Extracted entries ▸
lemma card_bichromatic_envelope_points_in_slabs:
  assumes "finite S1" "finite S2" "\<forall>s\<in>S1 \<union> S2. nonvertical_segment s"
    and "pairwise disjnt S1" "pairwise disjnt S2"
  defines "X \<equiv> endpoint_abscissae (S1 \<union> S2)"
  shows "card {p \<in> bichromatic_points S1 S2. on_envelope S1 p \<and> on_envelope S2 p \<and> fst p \<notin> X}
    \<le> 4 * card X"
proof -
  let ?B = "{p \<in> bichromatic_points S1 S2. on_envelope S1 p \<and> on_envelope S2 p \<and> fst p \<notin> X}"
  let ?rank = "\<lambda>p. card {z \<in> X. z < fst p}"
  let ?key = "\<lambda>p. (?rank p, on_lower_envelope S1 p, on_lower_envelope S2 p)"
  have fin: "finite (S1 \<union> S2)" "finite X"
    using assms(1,2) finite_endpoint_abscissae unfolding X_def by auto
  have same_side: "(on_lower_envelope S p \<and> on_lower_envelope S q) \<or>
      (on_upper_envelope S p \<and> on_upper_envelope S q)"
    if "on_envelope S p" "on_envelope S q" "on_lower_envelope S p = on_lower_envelope S q"
    for S p q
    using that unfolding on_envelope_def by blast
  have "inj_on ?key ?B"
  proof (rule inj_onI)
    fix p q assume p: "p \<in> ?B" and q: "q \<in> ?B" and key: "?key p = ?key q"
    obtain s1 s2 where s: "s1 \<in> S1" "s2 \<in> S2" "s1 \<inter> s2 = {p}"
      using p unfolding bichromatic_points_def by blast
    obtain t1 t2 where t: "t1 \<in> S1" "t2 \<in> S2" "t1 \<inter> t2 = {q}"
      using q unfolding bichromatic_points_def by blast
    have slab: "{min (fst p) (fst q)..max (fst p) (fst q)} \<inter> endpoint_abscissae (S1 \<union> S2) = {}"
      using card_less_eq_imp_between_disjoint[OF fin(2)] p q key unfolding X_def by auto
    have "s1 = t1"
      using envelope_segments_eq_in_slab[OF _ assms(3,4) s(1) t(1) _ _ slab]
        same_side[of S1 p q] p q key s(3) t(3) by blast
    moreover have "s2 = t2"
      using envelope_segments_eq_in_slab[OF _ assms(3,5) s(2) t(2) _ _ slab]
        same_side[of S2 p q] p q key s(3) t(3) by blast
    ultimately show "p = q" using s(3) t(3) by blast
  qed
  moreover have "?rank p \<in> {1..card X}" if p: "p \<in> ?B" for p
  proof -
    obtain s where "s \<in> S1 \<union> S2" "p \<in> s"
      using p unfolding bichromatic_points_def by blast
    then have "0 < ?rank p"
      using card_endpoint_abscissae_less_pos[OF fin(1)] assms(3) p unfolding X_def by blast
    moreover have "?rank p \<le> card X"
      using fin(2) by (intro card_mono) auto
    ultimately show ?thesis by simp
  qed
  then have "?key ` ?B \<subseteq> {1..card X} \<times> UNIV \<times> UNIV" by auto
  ultimately have "card ?B \<le> card ({1..card X} \<times> (UNIV :: bool set) \<times> (UNIV :: bool set))"
    by (intro card_inj_on_le) auto
  then show ?thesis by (simp add: card_cartesian_product)
qed

theorem lemma1:
  "\<exists>C::real. \<forall>S1 S2 :: (real \<times> real) set set.
     finite S1 \<and> finite S2 \<and>
     (\<forall>s\<in>S1 \<union> S2. nonvertical_segment s) \<and>
     pairwise disjnt S1 \<and> pairwise disjnt S2 \<longrightarrow>
     real (card {p \<in> bichromatic_points S1 S2. on_envelope S1 p \<and> on_envelope S2 p})
       \<le> C * real (card (S1 \<union> S2))"
proof (intro exI[of _ 12] allI impI, elim conjE)
  fix S1 S2 :: "(real \<times> real) set set"
  assume fin: "finite S1" "finite S2" and segs: "\<forall>s\<in>S1 \<union> S2. nonvertical_segment s"
    and disj: "pairwise disjnt S1" "pairwise disjnt S2"
  define X where "X = endpoint_abscissae (S1 \<union> S2)"
  define P where "P = {p \<in> bichromatic_points S1 S2. on_envelope S1 p \<and> on_envelope S2 p}"
  have "card P = card ({p \<in> P. fst p \<in> X} \<union> {p \<in> P. fst p \<notin> X})"
    by (rule arg_cong[where f = card]) blast
  also have "\<dots> \<le> card {p \<in> P. fst p \<in> X} + card {p \<in> P. fst p \<notin> X}"
    by (rule card_Un_le)
  also have "card {p \<in> P. fst p \<in> X} \<le> 2 * card X"
    using fin by (intro card_envelope_points_on_vertical_lines) (auto simp: X_def P_def
      finite_endpoint_abscissae)
  also have "card {p \<in> P. fst p \<notin> X} \<le> 4 * card X"
    using card_bichromatic_envelope_points_in_slabs[OF fin segs disj]
    unfolding P_def X_def by (simp add: conj_assoc)
  also have "card X \<le> 2 * card (S1 \<union> S2)"
    unfolding X_def using fin by (intro card_endpoint_abscissae_le) simp
  finally have "card P \<le> 12 * card (S1 \<union> S2)" by simp
  then show "real (card P) \<le> 12 * real (card (S1 \<union> S2))" by simp
qed

end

Work to be completed ▸ Count up the lines in the entries above where the word "forall" appears, and give the figure with nothing added.

Answer box ▸ 4